Aim of the task
After finding the line with "m) * \<mu>)\<^sup>2 \<partial>?S) = (f" in the entries below, retype exactly each line from there through the line with "M f (Suc m))", including that final line.

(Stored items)
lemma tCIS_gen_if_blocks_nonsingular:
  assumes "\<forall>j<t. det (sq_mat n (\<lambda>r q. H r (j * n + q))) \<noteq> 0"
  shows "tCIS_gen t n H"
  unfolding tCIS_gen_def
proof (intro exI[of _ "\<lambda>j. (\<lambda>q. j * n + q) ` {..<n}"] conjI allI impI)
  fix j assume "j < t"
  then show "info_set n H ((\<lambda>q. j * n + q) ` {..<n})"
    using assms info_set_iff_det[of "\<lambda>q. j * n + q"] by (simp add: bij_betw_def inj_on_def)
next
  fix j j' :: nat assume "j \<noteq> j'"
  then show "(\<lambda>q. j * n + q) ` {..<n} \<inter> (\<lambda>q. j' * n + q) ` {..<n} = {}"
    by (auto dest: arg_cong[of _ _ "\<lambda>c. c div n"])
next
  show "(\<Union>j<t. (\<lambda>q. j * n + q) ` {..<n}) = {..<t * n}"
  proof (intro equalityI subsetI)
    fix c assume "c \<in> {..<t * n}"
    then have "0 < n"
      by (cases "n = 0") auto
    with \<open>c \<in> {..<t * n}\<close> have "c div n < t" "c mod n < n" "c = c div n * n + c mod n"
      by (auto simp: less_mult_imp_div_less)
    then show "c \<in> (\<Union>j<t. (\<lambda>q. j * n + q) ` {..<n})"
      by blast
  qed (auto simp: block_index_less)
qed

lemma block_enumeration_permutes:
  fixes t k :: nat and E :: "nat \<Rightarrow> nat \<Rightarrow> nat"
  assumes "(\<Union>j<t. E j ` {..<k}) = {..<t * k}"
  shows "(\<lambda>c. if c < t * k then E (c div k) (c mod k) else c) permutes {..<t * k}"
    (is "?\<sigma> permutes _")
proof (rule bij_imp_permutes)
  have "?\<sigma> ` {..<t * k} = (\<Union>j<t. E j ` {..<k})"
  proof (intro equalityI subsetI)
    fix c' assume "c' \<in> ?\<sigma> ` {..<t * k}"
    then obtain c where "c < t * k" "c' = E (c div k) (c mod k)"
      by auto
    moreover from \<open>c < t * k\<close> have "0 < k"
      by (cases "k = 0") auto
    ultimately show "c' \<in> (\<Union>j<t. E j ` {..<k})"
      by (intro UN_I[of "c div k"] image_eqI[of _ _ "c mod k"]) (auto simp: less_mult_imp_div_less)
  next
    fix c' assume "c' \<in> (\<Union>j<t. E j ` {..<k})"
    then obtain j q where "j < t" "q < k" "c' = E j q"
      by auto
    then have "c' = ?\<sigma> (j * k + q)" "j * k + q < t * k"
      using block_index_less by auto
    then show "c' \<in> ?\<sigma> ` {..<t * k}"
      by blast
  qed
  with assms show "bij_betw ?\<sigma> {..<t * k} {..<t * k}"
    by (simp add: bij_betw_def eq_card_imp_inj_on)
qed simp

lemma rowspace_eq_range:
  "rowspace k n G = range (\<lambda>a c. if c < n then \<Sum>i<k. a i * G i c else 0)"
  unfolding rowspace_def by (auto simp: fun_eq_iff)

...

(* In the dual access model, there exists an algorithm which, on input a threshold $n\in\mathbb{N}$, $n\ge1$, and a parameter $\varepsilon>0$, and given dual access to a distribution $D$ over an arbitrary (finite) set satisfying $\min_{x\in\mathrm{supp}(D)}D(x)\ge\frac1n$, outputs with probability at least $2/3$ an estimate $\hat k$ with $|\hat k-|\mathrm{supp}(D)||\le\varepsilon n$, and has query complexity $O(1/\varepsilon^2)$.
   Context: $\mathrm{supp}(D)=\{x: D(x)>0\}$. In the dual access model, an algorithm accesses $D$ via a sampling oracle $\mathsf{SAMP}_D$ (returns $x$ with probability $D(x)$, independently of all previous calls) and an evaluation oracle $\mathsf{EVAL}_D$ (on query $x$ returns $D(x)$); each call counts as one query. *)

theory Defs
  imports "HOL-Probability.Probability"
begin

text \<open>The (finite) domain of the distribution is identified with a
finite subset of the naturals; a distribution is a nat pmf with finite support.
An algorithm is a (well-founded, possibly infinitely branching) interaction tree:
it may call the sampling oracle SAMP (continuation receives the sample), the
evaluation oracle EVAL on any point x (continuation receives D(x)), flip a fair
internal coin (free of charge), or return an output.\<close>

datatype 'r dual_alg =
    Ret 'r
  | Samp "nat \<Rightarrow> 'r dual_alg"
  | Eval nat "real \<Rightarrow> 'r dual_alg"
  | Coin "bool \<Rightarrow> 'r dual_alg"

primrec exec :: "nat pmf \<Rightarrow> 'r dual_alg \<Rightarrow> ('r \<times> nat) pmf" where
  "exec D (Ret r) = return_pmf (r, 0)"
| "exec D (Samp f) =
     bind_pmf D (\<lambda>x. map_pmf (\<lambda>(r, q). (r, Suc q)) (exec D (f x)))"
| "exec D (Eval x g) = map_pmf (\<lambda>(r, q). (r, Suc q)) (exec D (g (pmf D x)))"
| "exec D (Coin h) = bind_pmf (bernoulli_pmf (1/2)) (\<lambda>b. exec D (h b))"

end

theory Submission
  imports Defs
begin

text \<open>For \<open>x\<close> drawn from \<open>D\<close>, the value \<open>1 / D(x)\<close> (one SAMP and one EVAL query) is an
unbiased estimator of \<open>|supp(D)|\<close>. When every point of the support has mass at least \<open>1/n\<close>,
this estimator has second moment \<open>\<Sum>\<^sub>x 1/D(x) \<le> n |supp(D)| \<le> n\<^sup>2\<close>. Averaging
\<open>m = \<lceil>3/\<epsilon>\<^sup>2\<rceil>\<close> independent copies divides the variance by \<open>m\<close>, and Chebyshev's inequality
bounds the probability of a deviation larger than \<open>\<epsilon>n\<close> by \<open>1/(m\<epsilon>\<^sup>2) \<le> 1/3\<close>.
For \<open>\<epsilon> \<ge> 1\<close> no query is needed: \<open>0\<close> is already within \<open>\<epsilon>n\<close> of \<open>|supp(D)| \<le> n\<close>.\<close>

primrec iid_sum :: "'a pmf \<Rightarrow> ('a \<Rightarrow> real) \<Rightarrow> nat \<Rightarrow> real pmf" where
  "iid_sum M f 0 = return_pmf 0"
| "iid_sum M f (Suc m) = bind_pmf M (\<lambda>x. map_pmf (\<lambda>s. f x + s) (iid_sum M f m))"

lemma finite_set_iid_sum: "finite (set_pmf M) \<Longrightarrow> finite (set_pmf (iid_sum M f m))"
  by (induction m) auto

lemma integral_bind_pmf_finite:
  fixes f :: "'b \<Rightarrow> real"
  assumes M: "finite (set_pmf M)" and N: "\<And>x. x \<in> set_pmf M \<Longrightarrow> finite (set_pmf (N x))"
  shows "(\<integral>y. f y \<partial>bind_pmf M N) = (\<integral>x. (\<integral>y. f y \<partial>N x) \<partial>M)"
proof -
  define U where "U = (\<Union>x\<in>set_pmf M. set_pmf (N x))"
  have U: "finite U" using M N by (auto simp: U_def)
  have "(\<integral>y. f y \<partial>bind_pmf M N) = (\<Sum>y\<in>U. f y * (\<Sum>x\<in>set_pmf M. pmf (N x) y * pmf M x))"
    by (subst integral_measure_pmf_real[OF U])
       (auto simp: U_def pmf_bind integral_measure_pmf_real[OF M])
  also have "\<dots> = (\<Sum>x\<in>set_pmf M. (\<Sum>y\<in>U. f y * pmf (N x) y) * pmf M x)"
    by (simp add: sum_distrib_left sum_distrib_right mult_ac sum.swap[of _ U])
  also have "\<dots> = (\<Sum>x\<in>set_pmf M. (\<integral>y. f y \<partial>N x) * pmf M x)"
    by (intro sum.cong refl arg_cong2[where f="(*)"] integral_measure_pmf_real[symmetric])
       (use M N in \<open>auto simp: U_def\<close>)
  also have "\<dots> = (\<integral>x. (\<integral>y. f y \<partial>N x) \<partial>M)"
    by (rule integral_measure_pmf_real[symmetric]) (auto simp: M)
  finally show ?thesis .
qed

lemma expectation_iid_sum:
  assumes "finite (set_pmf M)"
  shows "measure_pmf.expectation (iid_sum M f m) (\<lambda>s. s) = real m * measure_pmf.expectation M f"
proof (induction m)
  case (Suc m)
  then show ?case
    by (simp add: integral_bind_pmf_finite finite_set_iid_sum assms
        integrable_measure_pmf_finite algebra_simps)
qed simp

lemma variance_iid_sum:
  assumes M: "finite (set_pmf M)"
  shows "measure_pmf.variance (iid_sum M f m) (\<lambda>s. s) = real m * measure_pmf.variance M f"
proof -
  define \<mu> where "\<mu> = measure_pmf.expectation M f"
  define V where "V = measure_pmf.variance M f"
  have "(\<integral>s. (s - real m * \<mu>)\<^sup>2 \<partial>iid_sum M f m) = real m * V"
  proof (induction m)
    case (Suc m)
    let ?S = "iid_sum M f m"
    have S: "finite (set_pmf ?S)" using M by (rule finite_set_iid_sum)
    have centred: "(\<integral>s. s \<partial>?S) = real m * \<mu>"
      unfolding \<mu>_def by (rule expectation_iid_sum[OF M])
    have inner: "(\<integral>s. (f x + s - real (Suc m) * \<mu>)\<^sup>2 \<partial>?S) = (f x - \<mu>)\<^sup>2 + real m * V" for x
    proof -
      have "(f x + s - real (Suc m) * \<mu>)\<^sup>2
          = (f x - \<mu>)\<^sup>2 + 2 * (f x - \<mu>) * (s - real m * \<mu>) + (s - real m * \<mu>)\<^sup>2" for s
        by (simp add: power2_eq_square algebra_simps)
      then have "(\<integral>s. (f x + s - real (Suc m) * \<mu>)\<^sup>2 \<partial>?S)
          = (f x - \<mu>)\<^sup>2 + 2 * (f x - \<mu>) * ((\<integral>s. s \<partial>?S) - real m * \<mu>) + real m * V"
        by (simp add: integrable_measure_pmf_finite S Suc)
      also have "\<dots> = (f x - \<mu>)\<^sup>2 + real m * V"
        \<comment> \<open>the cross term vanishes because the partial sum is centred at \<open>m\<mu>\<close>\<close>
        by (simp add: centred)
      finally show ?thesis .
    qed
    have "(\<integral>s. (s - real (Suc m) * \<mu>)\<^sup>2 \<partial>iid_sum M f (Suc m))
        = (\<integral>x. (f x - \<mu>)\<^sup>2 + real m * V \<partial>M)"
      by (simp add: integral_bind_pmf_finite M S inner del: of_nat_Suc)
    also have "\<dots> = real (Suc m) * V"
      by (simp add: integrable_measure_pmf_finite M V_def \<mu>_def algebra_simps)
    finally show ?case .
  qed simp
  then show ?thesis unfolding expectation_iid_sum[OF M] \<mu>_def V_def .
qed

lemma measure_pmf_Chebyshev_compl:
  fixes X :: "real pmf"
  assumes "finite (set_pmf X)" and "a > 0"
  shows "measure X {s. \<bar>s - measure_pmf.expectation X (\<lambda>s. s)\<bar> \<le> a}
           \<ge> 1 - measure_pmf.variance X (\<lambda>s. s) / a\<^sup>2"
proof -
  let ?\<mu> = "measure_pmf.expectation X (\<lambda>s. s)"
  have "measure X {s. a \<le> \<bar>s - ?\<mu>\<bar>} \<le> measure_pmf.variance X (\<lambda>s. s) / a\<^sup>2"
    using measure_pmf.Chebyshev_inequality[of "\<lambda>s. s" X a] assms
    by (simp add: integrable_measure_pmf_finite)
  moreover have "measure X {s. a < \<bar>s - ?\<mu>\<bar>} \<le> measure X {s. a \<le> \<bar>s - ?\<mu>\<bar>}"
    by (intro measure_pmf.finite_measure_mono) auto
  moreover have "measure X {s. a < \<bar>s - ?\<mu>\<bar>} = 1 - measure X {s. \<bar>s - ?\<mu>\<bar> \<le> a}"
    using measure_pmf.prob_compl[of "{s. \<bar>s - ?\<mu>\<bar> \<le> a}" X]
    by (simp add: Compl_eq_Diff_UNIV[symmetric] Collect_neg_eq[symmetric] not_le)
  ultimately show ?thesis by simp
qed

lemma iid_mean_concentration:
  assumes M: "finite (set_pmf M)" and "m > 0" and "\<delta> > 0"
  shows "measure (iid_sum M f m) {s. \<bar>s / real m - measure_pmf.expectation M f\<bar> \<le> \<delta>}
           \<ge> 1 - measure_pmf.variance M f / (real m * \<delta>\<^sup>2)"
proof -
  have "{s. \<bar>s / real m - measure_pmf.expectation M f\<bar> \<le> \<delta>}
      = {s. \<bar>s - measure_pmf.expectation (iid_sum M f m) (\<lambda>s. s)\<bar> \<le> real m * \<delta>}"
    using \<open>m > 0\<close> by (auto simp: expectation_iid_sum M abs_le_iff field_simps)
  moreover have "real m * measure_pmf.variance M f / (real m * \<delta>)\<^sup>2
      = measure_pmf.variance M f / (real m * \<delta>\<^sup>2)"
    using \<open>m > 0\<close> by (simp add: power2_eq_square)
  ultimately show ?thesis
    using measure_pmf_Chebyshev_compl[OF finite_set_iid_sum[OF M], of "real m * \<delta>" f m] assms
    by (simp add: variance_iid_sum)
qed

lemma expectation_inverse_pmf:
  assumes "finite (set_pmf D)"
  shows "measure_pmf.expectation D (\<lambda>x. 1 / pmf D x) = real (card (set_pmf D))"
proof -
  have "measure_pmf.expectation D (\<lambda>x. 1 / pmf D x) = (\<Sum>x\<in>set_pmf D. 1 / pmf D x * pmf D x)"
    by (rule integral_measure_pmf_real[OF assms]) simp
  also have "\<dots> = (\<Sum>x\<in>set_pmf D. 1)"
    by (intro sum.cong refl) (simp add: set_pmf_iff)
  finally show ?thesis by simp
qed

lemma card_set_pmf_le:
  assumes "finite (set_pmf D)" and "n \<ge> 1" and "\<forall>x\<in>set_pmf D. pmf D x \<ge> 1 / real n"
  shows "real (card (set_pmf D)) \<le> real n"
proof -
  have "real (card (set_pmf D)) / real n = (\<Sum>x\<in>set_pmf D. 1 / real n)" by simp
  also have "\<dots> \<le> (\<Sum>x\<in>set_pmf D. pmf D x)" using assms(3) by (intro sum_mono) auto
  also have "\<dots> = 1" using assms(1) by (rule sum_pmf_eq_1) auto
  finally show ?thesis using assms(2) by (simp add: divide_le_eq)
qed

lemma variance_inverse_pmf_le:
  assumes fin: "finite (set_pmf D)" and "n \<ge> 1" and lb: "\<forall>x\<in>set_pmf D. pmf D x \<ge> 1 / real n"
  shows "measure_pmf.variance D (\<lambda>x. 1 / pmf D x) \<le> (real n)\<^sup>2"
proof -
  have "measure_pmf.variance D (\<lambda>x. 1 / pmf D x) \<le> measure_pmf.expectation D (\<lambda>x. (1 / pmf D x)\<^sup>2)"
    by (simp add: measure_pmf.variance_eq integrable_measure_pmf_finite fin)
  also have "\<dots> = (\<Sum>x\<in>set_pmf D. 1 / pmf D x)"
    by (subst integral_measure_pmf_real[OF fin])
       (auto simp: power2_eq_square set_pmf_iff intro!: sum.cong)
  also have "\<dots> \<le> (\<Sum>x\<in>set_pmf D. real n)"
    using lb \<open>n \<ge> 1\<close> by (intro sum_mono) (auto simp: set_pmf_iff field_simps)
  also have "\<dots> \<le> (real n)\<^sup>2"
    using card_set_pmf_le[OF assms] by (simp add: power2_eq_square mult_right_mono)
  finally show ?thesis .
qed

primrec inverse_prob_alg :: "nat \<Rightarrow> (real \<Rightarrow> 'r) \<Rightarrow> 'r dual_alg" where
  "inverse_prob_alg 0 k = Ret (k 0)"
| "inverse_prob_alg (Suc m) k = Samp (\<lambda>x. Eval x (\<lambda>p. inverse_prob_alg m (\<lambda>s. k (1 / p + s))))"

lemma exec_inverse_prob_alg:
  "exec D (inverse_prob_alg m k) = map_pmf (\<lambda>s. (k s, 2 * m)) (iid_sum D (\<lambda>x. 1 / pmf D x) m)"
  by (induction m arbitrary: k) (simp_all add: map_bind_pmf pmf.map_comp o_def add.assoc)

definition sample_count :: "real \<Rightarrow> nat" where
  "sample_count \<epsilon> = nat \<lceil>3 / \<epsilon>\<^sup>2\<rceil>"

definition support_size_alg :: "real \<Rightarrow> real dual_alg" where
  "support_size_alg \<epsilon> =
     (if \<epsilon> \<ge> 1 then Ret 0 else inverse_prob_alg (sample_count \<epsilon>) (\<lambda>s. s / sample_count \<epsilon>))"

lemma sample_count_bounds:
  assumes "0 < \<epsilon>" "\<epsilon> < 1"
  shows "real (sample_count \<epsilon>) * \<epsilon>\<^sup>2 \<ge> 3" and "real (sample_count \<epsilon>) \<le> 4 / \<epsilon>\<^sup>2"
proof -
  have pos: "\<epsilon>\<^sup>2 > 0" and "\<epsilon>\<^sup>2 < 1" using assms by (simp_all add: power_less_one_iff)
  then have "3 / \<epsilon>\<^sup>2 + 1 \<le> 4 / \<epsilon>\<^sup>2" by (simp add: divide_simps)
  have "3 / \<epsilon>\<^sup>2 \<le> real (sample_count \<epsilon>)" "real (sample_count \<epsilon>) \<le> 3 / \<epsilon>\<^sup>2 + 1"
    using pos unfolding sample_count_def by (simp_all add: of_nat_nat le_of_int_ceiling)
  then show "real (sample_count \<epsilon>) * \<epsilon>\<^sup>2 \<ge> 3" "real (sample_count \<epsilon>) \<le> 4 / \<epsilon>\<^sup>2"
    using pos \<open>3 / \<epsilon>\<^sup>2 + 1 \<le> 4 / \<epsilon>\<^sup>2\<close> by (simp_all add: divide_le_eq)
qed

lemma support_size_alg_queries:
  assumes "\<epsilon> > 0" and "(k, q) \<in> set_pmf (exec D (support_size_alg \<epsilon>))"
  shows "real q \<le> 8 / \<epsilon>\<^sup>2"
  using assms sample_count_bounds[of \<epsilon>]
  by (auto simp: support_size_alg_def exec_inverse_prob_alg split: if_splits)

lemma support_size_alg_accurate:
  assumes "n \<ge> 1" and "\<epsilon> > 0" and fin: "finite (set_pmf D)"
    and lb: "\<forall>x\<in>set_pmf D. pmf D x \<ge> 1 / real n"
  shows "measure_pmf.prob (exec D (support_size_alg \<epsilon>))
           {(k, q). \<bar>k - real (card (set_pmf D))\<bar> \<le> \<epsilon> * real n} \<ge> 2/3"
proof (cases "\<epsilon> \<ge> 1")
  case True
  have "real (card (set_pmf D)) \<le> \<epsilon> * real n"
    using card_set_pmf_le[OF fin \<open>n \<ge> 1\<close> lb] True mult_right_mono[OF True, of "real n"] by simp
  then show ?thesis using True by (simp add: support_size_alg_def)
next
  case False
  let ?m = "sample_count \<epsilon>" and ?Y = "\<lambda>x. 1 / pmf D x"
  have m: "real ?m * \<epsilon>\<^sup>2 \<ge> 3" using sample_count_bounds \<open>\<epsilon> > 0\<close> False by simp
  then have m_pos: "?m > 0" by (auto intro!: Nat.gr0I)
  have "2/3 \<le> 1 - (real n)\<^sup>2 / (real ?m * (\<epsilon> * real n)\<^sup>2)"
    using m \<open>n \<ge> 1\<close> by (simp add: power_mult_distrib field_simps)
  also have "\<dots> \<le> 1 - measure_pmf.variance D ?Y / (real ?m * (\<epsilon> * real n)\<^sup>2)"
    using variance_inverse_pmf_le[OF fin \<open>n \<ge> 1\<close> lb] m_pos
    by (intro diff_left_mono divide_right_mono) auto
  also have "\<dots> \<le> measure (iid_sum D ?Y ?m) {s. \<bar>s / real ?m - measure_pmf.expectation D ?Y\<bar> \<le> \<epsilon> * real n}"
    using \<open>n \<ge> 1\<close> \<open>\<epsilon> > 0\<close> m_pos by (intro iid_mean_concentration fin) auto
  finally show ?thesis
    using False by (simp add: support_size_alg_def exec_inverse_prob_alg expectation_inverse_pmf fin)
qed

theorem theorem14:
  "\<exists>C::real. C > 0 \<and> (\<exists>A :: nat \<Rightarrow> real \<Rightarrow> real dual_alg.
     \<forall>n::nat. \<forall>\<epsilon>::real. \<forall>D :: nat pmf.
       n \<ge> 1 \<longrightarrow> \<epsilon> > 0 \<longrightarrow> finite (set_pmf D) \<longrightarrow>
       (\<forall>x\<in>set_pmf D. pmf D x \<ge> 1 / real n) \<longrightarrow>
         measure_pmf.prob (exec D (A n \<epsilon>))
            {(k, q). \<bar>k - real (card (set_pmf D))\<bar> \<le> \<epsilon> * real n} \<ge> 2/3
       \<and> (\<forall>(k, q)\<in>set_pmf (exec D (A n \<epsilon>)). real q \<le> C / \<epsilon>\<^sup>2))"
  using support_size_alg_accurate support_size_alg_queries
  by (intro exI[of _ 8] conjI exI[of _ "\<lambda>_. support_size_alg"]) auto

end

Answer box
    have inner: "(\<integral>s. (f x + s - real (Suc m) * \<mu>)\<^sup>2 \<partial>?S) = (f x - \<mu>)\<^sup>2 + real m * V" for x
    proof -
      have "(f x + s - real (Suc m) * \<mu>)\<^sup>2
          = (f x - \<mu>)\<^sup>2 + 2 * (f x - \<mu>) * (s - real m * \<mu>) + (s - real m * \<mu>)\<^sup>2" for s
        by (simp add: power2_eq_square algebra_simps)
      then have "(\<integral>s. (f x + s - real (Suc m) * \<mu>)\<^sup>2 \<partial>?S)
          = (f x - \<mu>)\<^sup>2 + 2 * (f x - \<mu>) * ((\<integral>s. s \<partial>?S) - real m * \<mu>) + real m * V"
        by (simp add: integrable_measure_pmf_finite S Suc)
      also have "\<dots> = (f x - \<mu>)\<^sup>2 + real m * V"
        \<comment> \<open>the cross term vanishes because the partial sum is centred at \<open>m\<mu>\<close>\<close>
        by (simp add: centred)
      finally show ?thesis .
    qed
    have "(\<integral>s. (s - real (Suc m) * \<mu>)\<^sup>2 \<partial>iid_sum M f (Suc m))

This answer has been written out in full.